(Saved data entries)
--

lemma first_cols_orthonormal:
  assumes U: "U \<in> carrier_mat m m" and O: "transpose_mat U * U = 1\<^sub>m m" and r: "r \<le> m"
  shows "transpose_mat (first_cols r U) * first_cols r U = 1\<^sub>m r"
proof (rule eq_matI)
  fix i j assume "i < dim_row (1\<^sub>m r)" "j < dim_col (1\<^sub>m r)"
  then have ij: "i < r" "j < r" by auto
  have "(transpose_mat (first_cols r U) * first_cols r U) $$ (i, j) = (transpose_mat U * U) $$ (i, j)"
    using U ij r unfolding first_cols_def by (simp add: scalar_prod_def)
  then show "(transpose_mat (first_cols r U) * first_cols r U) $$ (i, j) = 1\<^sub>m r $$ (i, j)"
    using O ij r by simp
qed (use U in \<open>auto simp: first_cols_def\<close>)

lemma prefix_sum_ge_average:
  fixes a :: "nat \<Rightarrow> real"
  assumes mono: "\<And>i j. i \<le> j \<Longrightarrow> j < p \<Longrightarrow> a j \<le> a i" and r: "r \<le> p"
  shows "real r * (\<Sum>i<p. a i) \<le> real p * (\<Sum>i<r. a i)"
proof -
  have "0 \<le> (\<Sum>i<r. \<Sum>j\<in>{r..<p}. a i - a j)"
    using mono by (intro sum_nonneg) auto
  also have "\<dots> = (\<Sum>i<r. real (p - r) * a i - (\<Sum>j\<in>{r..<p}. a j))"
    by (simp add: sum_subtractf)
  also have "\<dots> = real (p - r) * (\<Sum>i<r. a i) - real r * (\<Sum>j\<in>{r..<p}. a j)"
    by (simp add: sum_subtractf sum_distrib_left)
  finally have 1: "real r * (\<Sum>j\<in>{r..<p}. a j) \<le> (real p - real r) * (\<Sum>i<r. a i)"
    using r by (simp add: of_nat_diff)
  have 2: "(\<Sum>i<p. a i) = (\<Sum>i<r. a i) + (\<Sum>j\<in>{r..<p}. a j)"
    using r by (metis atLeast0LessThan sum.atLeastLessThan_concat zero_le)
  show ?thesis using 1 2 by (simp add: algebra_simps)
qed

lemma sum_power2_rectangular_diagonal:
  assumes S: "(S :: real mat) \<in> carrier_mat m n" and off: "\<forall>i<m. \<forall>j<n. i \<noteq> j \<longrightarrow> S $$ (i,j) = 0"
    and k: "k \<le> m"
  shows "(\<Sum>i<k. \<Sum>j<n. S $$ (i,j) * S $$ (i,j)) = (\<Sum>i<min k n. (S $$ (i,i))\<^sup>2)"
proof -
  have "(\<Sum>j<n. S $$ (i,j) * S $$ (i,j)) = (if i < n then (S $$ (i,i))\<^sup>2 else 0)" if i: "i < k" for i
  proof -
    have "(\<Sum>j<n. S $$ (i,j) * S $$ (i,j)) = (\<Sum>j<n. if j = i then (S $$ (i,i))\<^sup>2 else 0)"
      using off i k by (intro sum.cong) (auto simp: power2_eq_square)
    also have "\<dots> = (if i < n then (S $$ (i,i))\<^sup>2 else 0)"
      by (simp add: sum.delta')
    finally show ?thesis .
  qed
  then have "(\<Sum>i<k. \<Sum>j<n. S $$ (i,j) * S $$ (i,j)) = (\<Sum>i<k. if i \<in> {..<n} then (S $$ (i,i))\<^sup>2 else 0)"
    by (intro sum.cong) auto
  also have "\<dots> = (\<Sum>i\<in>{..<k} \<inter> {..<n}. (S $$ (i,i))\<^sup>2)"
    by (simp add: sum.inter_restrict)
  also have "{..<k} \<inter> {..<n} = {..<min k n}" by auto
  finally show ?thesis .
qed

lemma svd_frob_energy:
  assumes G: "G \<in> carrier_mat m n" and svd: "is_svd G U S V"
  shows "frob_inner G G = (\<Sum>i<min m n. (S $$ (i,i))\<^sup>2)"
proof -
  note D = is_svdD[OF svd G]
  have "frob_inner G G = frob_inner (U * (S * transpose_mat V)) (U * (S * transpose_mat V))"
    using D by (simp add: assoc_mult_mat[of U m m S n "transpose_mat V" n])
  also have "\<dots> = frob_inner (S * transpose_mat V) (S * transpose_mat V)"
    using D by (intro frob_inner_orthogonal_left) auto
  also have "\<dots> = frob_inner S S" using D by (intro frob_inner_orthogonal_right)
  also have "\<dots> = (\<Sum>i<min m n. (S $$ (i,i))\<^sup>2)"
    using sum_power2_rectangular_diagonal[OF D(3) D(6), of m] D(3) unfolding frob_inner_def by auto
  finally show ?thesis .
qed

lemma svd_left_proj_energy:
  assumes G: "G \<in> carrier_mat m n" and svd: "is_svd G U S V" and r: "r \<le> min m n"
  shows "frob_inner (left_proj (first_cols r U) G) G = (\<Sum>i<r. (S $$ (i,i))\<^sup>2)"
proof -
  note D = is_svdD[OF svd G]
  define P where "P = first_cols r U"
  have P: "P \<in> carrier_mat m r" unfolding P_def using D(1) by (rule first_cols_carrier)
  define Z where "Z = transpose_mat P * U * S"
  have Z: "Z \<in> carrier_mat r n" unfolding Z_def using P D by auto
  have "transpose_mat P * G = Z * transpose_mat V"
    using P D unfolding Z_def by (simp add: assoc_mult_mat[of _ r m _ m _ n] assoc_mult_mat[of _ r m _ n _ n])
  moreover have "frob_inner (left_proj P G) G = frob_inner (transpose_mat P * G) (transpose_mat P * G)"
    unfolding left_proj_def using P G by (intro frob_inner_mult_left) auto
  ultimately have "frob_inner (left_proj P G) G = frob_inner (Z * transpose_mat V) (Z * transpose_mat V)"
    by simp
  also have "\<dots> = frob_inner Z Z" using D Z by (intro frob_inner_orthogonal_right)
  also have "\<dots> = (\<Sum>i<r. \<Sum>j<n. S $$ (i,j) * S $$ (i,j))"
  proof -
    text \<open>\<open>Z\<close> consists of the first \<open>r\<close> rows of \<open>S\<close>.\<close>
    have "Z $$ (i,j) = S $$ (i,j)" if "i < r" "j < n" for i j
      using that r D(3) transpose_first_cols_mult[OF D(1) D(4), of r]
      by (simp add: Z_def P_def scalar_prod_def sum.delta if_distrib[of "\<lambda>c. c * _"] cong: if_cong)
    then show ?thesis using Z unfolding frob_inner_def by auto
  qed
  also have "\<dots> = (\<Sum>i<r. (S $$ (i,i))\<^sup>2)"
    using sum_power2_rectangular_diagonal[OF D(3) D(6), of r] r by (simp add: min_absorb1)
  finally show ?thesis unfolding P_def .
qed

lemma svd_left_proj_energy_ge:
  assumes G: "G \<in> carrier_mat m n" and svd: "is_svd G U S V" and r: "r \<le> min m n"
  shows "real r / real (min m n) * frob_inner G G \<le> frob_inner (left_proj (first_cols r U) G) G"
proof -
  note D = is_svdD[OF svd G]
  text \<open>The retained energy consists of the \<open>r\<close> largest squared singular values.\<close>
  have "real r * (\<Sum>i<min m n. (S $$ (i,i))\<^sup>2) \<le> real (min m n) * (\<Sum>i<r. (S $$ (i,i))\<^sup>2)"
    using D(7,8) by (intro prefix_sum_ge_average[OF _ r] power_mono) auto
  then show ?thesis
    unfolding svd_frob_energy[OF G svd] svd_left_proj_energy[OF G svd r]
    using r by (cases "min m n = 0") (auto simp: field_simps)
qed

lemma is_svd_transpose:
  assumes G: "G \<in> carrier_mat m n" and svd: "is_svd G U S V"
  shows "is_svd (transpose_mat G) V (transpose_mat S) U"
proof -
  note D = is_svdD[OF svd G]
  have "transpose_mat G = V * transpose_mat S * transpose_mat U"
    using D by (simp add: transpose_mult[of _ m n _ n] transpose_mult[of _ m m _ n]
        assoc_mult_mat[of V n n "transpose_mat S" m "transpose_mat U" m])
  then show ?thesis
    unfolding is_svd_def Let_def using G D by (auto simp: min.commute)
qed

lemma svd_right_proj_energy_ge:
  assumes G: "G \<in> carrier_mat m n" and svd: "is_svd G U S V" and r: "r \<le> min m n"
  shows "real r / real (min m n) * frob_inner G G \<le> frob_inner (right_proj (first_cols r V) G) G"
proof -
  define Q where "Q = first_cols r V"
  have Q: "Q \<in> carrier_mat n r" unfolding Q_def using is_svdD(2)[OF svd G] by (rule first_cols_carrier)
  have "transpose_mat (G * Q * transpose_mat Q) = transpose_mat (transpose_mat Q) * transpose_mat (G * Q)"
    using G Q by (intro transpose_mult) auto
  also have "transpose_mat (G * Q) = transpose_mat Q * transpose_mat G"
    using G Q by (intro transpose_mult) auto
  finally have "transpose_mat (right_proj Q G) = left_proj Q (transpose_mat G)"
    unfolding right_proj_def left_proj_def by simp
  then have "frob_inner (right_proj Q G) G = frob_inner (left_proj Q (transpose_mat G)) (transpose_mat G)"
    using G Q by (simp add: frob_inner_transpose[of "right_proj Q G" m n] right_proj_carrier)
  moreover have "frob_inner G G = frob_inner (transpose_mat G) (transpose_mat G)"
    using G by (intro frob_inner_transpose) auto
  moreover have "transpose_mat G \<in> carrier_mat n m" using G by simp
  note transposed = svd_left_proj_energy_ge[OF this is_svd_transpose[OF G svd], of r]
  ultimately show ?thesis
    using transposed r unfolding Q_def by (simp add: min.commute)
qed

section \<open>Stacking matrix blocks into a parameter vector\<close>

lemma sum_Sigma_pair:
  assumes "finite A" "\<And>x. x \<in> A \<Longrightarrow> finite (B x)"
  shows "(\<Sum>x\<in>A. \<Sum>y\<in>B x. F (x,y)) = (\<Sum>p\<in>Sigma A B. F p)"
  using sum.Sigma[of A B "\<lambda>x y. F (x,y)"] assms by (simp add: case_prod_eta)

locale block_stacking =
  fixes NL :: nat and m n :: "nat \<Rightarrow> nat" and ix :: "nat \<Rightarrow> nat \<Rightarrow> nat \<Rightarrow> 'd::finite"
  assumes stack_bij: "bij_betw (\<lambda>(l,i,j). ix l i j) {(l,i,j). l < NL \<and> i < m l \<and> j < n l} UNIV"
begin

abbreviation "entries \<equiv> {(l,i,j). l < NL \<and> i < m l \<and> j < n l}"

abbreviation "blk l v \<equiv> block ix (m l) (n l) l v"

definition entry_of :: "'d \<Rightarrow> nat \<times> nat \<times> nat" where
  "entry_of k = the_inv_into entries (\<lambda>(l,i,j). ix l i j) k"

definition stack :: "(nat \<Rightarrow> real mat) \<Rightarrow> real^'d" where
  "stack W = (\<chi> k. case entry_of k of (l,i,j) \<Rightarrow> W l $$ (i,j))"

lemma entry_of_ix: "l < NL \<Longrightarrow> i < m l \<Longrightarrow> j < n l \<Longrightarrow> entry_of (ix l i j) = (l,i,j)"
  unfolding entry_of_def using the_inv_into_f_f[of "\<lambda>(l,i,j). ix l i j" entries "(l,i,j)"] stack_bij
  by (simp add: bij_betw_def)

lemma entry_of_in_entries: "entry_of k \<in> entries"
  unfolding entry_of_def using stack_bij by (intro the_inv_into_into) (auto simp: bij_betw_def)

lemma ix_entry_of: "(\<lambda>(l,i,j). ix l i j) (entry_of k) = k"
  unfolding entry_of_def using stack_bij by (intro f_the_inv_into_f) (auto simp: bij_betw_def)

lemma layers_nonempty: "0 < NL"
  using entry_of_in_entries[of undefined] by auto

lemma blk_carrier: "blk l v \<in> carrier_mat (m l) (n l)"
  unfolding block_def by simp

lemma blk_stack: "l < NL \<Longrightarrow> W l \<in> carrier_mat (m l) (n l) \<Longrightarrow> blk l (stack W) = W l"
  by (rule eq_matI) (auto simp: block_def stack_def entry_of_ix)

lemma vec_eq_if_blk_eq:
  assumes "\<And>l. l < NL \<Longrightarrow> blk l u = blk l v"
  shows "u = v"
proof -
  have "u $ k = v $ k" for k
  proof -
    obtain l i j where lij: "entry_of k = (l,i,j)" by (cases "entry_of k") auto
    then have ranges: "l < NL" "i < m l" "j < n l" using entry_of_in_entries[of k] by auto
    have "u $ ix l i j = blk l u $$ (i,j)" "v $ ix l i j = blk l v $$ (i,j)"
      using ranges by (simp_all add: block_def)
    moreover have "k = ix l i j" using ix_entry_of[of k] lij by simp
    ultimately show ?thesis using assms ranges by simp
  qed
  then show ?thesis by (simp add: Finite_Cartesian_Product.vec_eq_iff)
qed

lemma stack_cong:
  assumes "\<And>l. l < NL \<Longrightarrow> W l = W' l"
  shows "stack W = stack W'"
proof -
  have "(case entry_of k of (l,i,j) \<Rightarrow> W l $$ (i,j)) = (case entry_of k of (l,i,j) \<Rightarrow> W' l $$ (i,j))" for k
    using entry_of_in_entries[of k] assms by (cases "entry_of k") auto
  then show ?thesis unfolding stack_def by simp
qed

lemma inner_eq_sum_frob_inner: "inner u v = (\<Sum>l<NL. frob_inner (blk l u) (blk l v))"
proof -
  have "inner u v = (\<Sum>k\<in>UNIV. u $ k * v $ k)" by (simp add: inner_vec_def)
  also have "\<dots> = (\<Sum>p\<in>entries. u $ (case p of (l,i,j) \<Rightarrow> ix l i j) * v $ (case p of (l,i,j) \<Rightarrow> ix l i j))"
    using sum.reindex_bij_betw[OF stack_bij, of "\<lambda>k. u $ k * v $ k"] by simp
  also have "entries = Sigma {..<NL} (\<lambda>l. Sigma {..<m l} (\<lambda>i. {..<n l}))" by auto
  also have "(\<Sum>p\<in>\<dots>. u $ (case p of (l,i,j) \<Rightarrow> ix l i j) * v $ (case p of (l,i,j) \<Rightarrow> ix l i j))
      = (\<Sum>l<NL. \<Sum>i<m l. \<Sum>j<n l. u $ ix l i j * v $ ix l i j)"
    by (simp add: sum_Sigma_pair[symmetric] sum_Sigma_pair[of "{..<m _}" "\<lambda>i. {..<n _}", symmetric])
  finally show ?thesis unfolding frob_inner_def block_def by simp
qed

lemma blk_linear: "blk l (a *\<^sub>R u + b *\<^sub>R v) = a \<cdot>\<^sub>m blk l u + b \<cdot>\<^sub>m blk l v"
  by (rule eq_matI) (auto simp: block_def)

lemma blk_diff_scaleR: "blk l (u - c *\<^sub>R v) = blk l u - c \<cdot>\<^sub>m blk l v"
  by (rule eq_matI) (auto simp: block_def)

lemma blk_scaleR: "blk l (c *\<^sub>R v) = c \<cdot>\<^sub>m blk l v"
  by (rule eq_matI) (auto simp: block_def)

end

--

__Task brief__: From the data above, output exactly the lines between the one containing "transpose_mat Q *" and the one containing "using G Q by (simp", counting both of them.

__Task response__:
  also have "transpose_mat (G * Q) = transpose_mat Q * transpose_mat G"
    using G Q by (intro transpose_mult) auto
  finally have "transpose_mat (right_proj Q G) = left_proj Q (transpose_mat G)"
    unfolding right_proj_def left_proj_def by simp
  then have "frob_inner (right_proj Q G) G = frob_inner (left_proj Q (transpose_mat G)) (transpose_mat G)"
    using G Q by (simp add: frob_inner_transpose[of "right_proj Q G" m n] right_proj_carrier)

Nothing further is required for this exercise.